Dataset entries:
(* For every $\beta>0$, the origin is the unique equilibrium of the ODE $\dot x=f(x)$ on $\mathbb R^n\times\mathbb R^n$, $$f(x_1,x_2)=\begin{bmatrix}-(1+\beta)Dx_1+\beta Dx_2+\gamma DP\big(M(x_2+Q^* )-M(Q^* )\big)\\ -(1+\beta)Dx_2+\beta Dx_1+\gamma DP\big(M(x_1+Q^* )-M(Q^* )\big)\end{bmatrix},$$ and every solution converges to the origin as $t\to\infty$. Equivalently, every solution of $\dot Q^A=DR+\gamma DPM(Q^B)-(1+\beta)DQ^A+\beta DQ^B$, $\dot Q^B=DR+\gamma DPM(Q^A)-(1+\beta)DQ^B+\beta DQ^A$ satisfies $(Q^A(t),Q^B(t))\to(Q^*,Q^* )$.
   Context: Finite MDP with states $\mathcal S$, actions $\mathcal A$, kernel $P$, expected reward vector $R\in\mathbb R^n$, discount $\gamma\in[0,1)$; $n=|\mathcal S||\mathcal A|$. $D$ is the diagonal matrix of a probability distribution $d$ on $\mathcal S\times\mathcal A$ with $d(s,a)>0$; $P$ is the $n\times|\mathcal S|$ matrix with row $(s,a)$ equal to $P(\cdot\mid s,a)$; $M(Q)(s)=\max_aQ(s,a)$; $Q^*=R+\gamma PM(Q^* )$ is the optimal Q-function. *)

theory Defs
  imports "HOL-Analysis.Analysis"
begin

text \<open>Q-functions are vectors indexed by state-action pairs, i.e. elements of
  real^('s \<times> 'a) with finite state type 's and finite action type 'a (n = |S||A|).
  The transition kernel is the n x |S| matrix P with row (s,a) equal to P(.|s,a).\<close>

definition diag_mat :: "real^'n \<Rightarrow> real^'n^'n" where
  "diag_mat d = (\<chi> i j. if i = j then d $ i else 0)"

definition Mmax :: "real^('s::finite \<times> 'a::finite) \<Rightarrow> real^'s" where
  "Mmax Q = (\<chi> s. Max (range (\<lambda>a. Q $ (s, a))))"

definition err_field ::
  "real^('s::finite \<times> 'a::finite) \<Rightarrow> real^'s^('s \<times> 'a) \<Rightarrow> real \<Rightarrow> real
   \<Rightarrow> real^('s \<times> 'a) \<Rightarrow> (real^('s \<times> 'a)) \<times> (real^('s \<times> 'a))
   \<Rightarrow> (real^('s \<times> 'a)) \<times> (real^('s \<times> 'a))" where
  "err_field d P \<gamma> \<beta> Qs x =
     (let D = diag_mat d; x1 = fst x; x2 = snd x in
      (- (1 + \<beta>) *\<^sub>R (D *v x1) + \<beta> *\<^sub>R (D *v x2)
         + \<gamma> *\<^sub>R (D *v (P *v (Mmax (x2 + Qs) - Mmax Qs))),
       - (1 + \<beta>) *\<^sub>R (D *v x2) + \<beta> *\<^sub>R (D *v x1)
         + \<gamma> *\<^sub>R (D *v (P *v (Mmax (x1 + Qs) - Mmax Qs)))))"

definition qab_field ::
  "real^('s::finite \<times> 'a::finite) \<Rightarrow> real^'s^('s \<times> 'a) \<Rightarrow> real^('s \<times> 'a) \<Rightarrow> real \<Rightarrow> real
   \<Rightarrow> (real^('s \<times> 'a)) \<times> (real^('s \<times> 'a))
   \<Rightarrow> (real^('s \<times> 'a)) \<times> (real^('s \<times> 'a))" where
  "qab_field d P R \<gamma> \<beta> q =
     (let D = diag_mat d; QA = fst q; QB = snd q in
      (D *v R + \<gamma> *\<^sub>R (D *v (P *v Mmax QB)) - (1 + \<beta>) *\<^sub>R (D *v QA) + \<beta> *\<^sub>R (D *v QB),
       D *v R + \<gamma> *\<^sub>R (D *v (P *v Mmax QA)) - (1 + \<beta>) *\<^sub>R (D *v QB) + \<beta> *\<^sub>R (D *v QA)))"

end

theory Submission imports Defs begin

text \<open>Let x = (x1, x2) solve the error dynamics and let B be the largest of the 4n
  signed coordinates +-x1(i), +-x2(i), i.e. the sup norm of x. If x1(i) = B, then
  beta x2(i) <= beta B, and since M is nonexpansive in the sup norm and P is stochastic,
  the gamma-term is at most gamma B; hence f1(i) <= -d(i) (1 - gamma) B, and likewise for
  the other signed coordinates. So f vanishes only at 0, and along a solution no signed
  coordinate can reach the barrier K exp(-c t) with c = (min d) (1 - gamma) / 2: at a first
  contact its derivative would lie below the barrier's. Substituting QA = Q* + x1, QB = Q* + x2 turns the Q-dynamics into the
  error dynamics.\<close>

fun signed_coord :: "bool \<times> bool \<times> 'i \<Rightarrow> (real^'i::finite) \<times> (real^'i) \<Rightarrow> real" where
  "signed_coord (first, pos, i) z = (if pos then 1 else -1) * ((if first then fst z else snd z) $ i)"

lemma bounded_linear_signed_coord: "bounded_linear (signed_coord k)"
  unfolding linear_conv_bounded_linear[symmetric]
  by (cases k) (auto intro!: linearI simp: algebra_simps)

lemma signed_coord_le_norm: "signed_coord k z \<le> norm z"
proof (cases k)
  case (fields first pos i)
  have "\<bar>fst z $ i\<bar> \<le> norm z" "\<bar>snd z $ i\<bar> \<le> norm z"
    using component_le_norm_cart norm_fst_le[of "fst z" "snd z"] norm_snd_le[of "snd z" "fst z"]
    by (metis order_trans prod.collapse)+
  then show ?thesis
    using fields by auto
qed

lemma abs_nth_le_if_signed_coords_le:
  assumes "\<forall>k. signed_coord k z \<le> B"
  shows "\<bar>fst z $ i\<bar> \<le> B" "\<bar>snd z $ i\<bar> \<le> B"
  using assms[rule_format, of "(True, True, i)"] assms[rule_format, of "(True, False, i)"]
    assms[rule_format, of "(False, True, i)"] assms[rule_format, of "(False, False, i)"]
  by auto

lemma norm_le_if_signed_coords_le:
  fixes z :: "(real^'i::finite) \<times> (real^'i)"
  assumes "\<forall>k. signed_coord k z \<le> B"
  shows "norm z \<le> 2 * real CARD('i) * B"
proof -
  have "norm z \<le> norm (fst z) + norm (snd z)"
    using norm_Pair_le[of "fst z" "snd z"] by simp
  also have "\<dots> \<le> (\<Sum>i\<in>UNIV. \<bar>fst z $ i\<bar>) + (\<Sum>i\<in>UNIV. \<bar>snd z $ i\<bar>)"
    by (intro add_mono norm_le_l1_cart)
  also have "\<dots> \<le> (\<Sum>i\<in>(UNIV::'i set). B) + (\<Sum>i\<in>(UNIV::'i set). B)"
    by (intro add_mono sum_mono abs_nth_le_if_signed_coords_le[OF assms])
  finally show ?thesis by (simp add: algebra_simps)
qed

lemma diag_mat_mult_vec_nth: "(diag_mat d *v v) $ i = d $ i * v $ i"
proof -
  have "(diag_mat d *v v) $ i = (\<Sum>j\<in>UNIV. if i = j then d $ i * v $ i else 0)"
    unfolding diag_mat_def matrix_vector_mult_def by (simp only: vec_lambda_beta, rule sum.cong) auto
  then show ?thesis by simp
qed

=== Problem statement ===
The answer must consist of each line from the entries that contains the string "close".

=== Task solution ===
  The transition kernel is the n x |S| matrix P with row (s,a) equal to P(.|s,a).\<close>
  error dynamics.\<close>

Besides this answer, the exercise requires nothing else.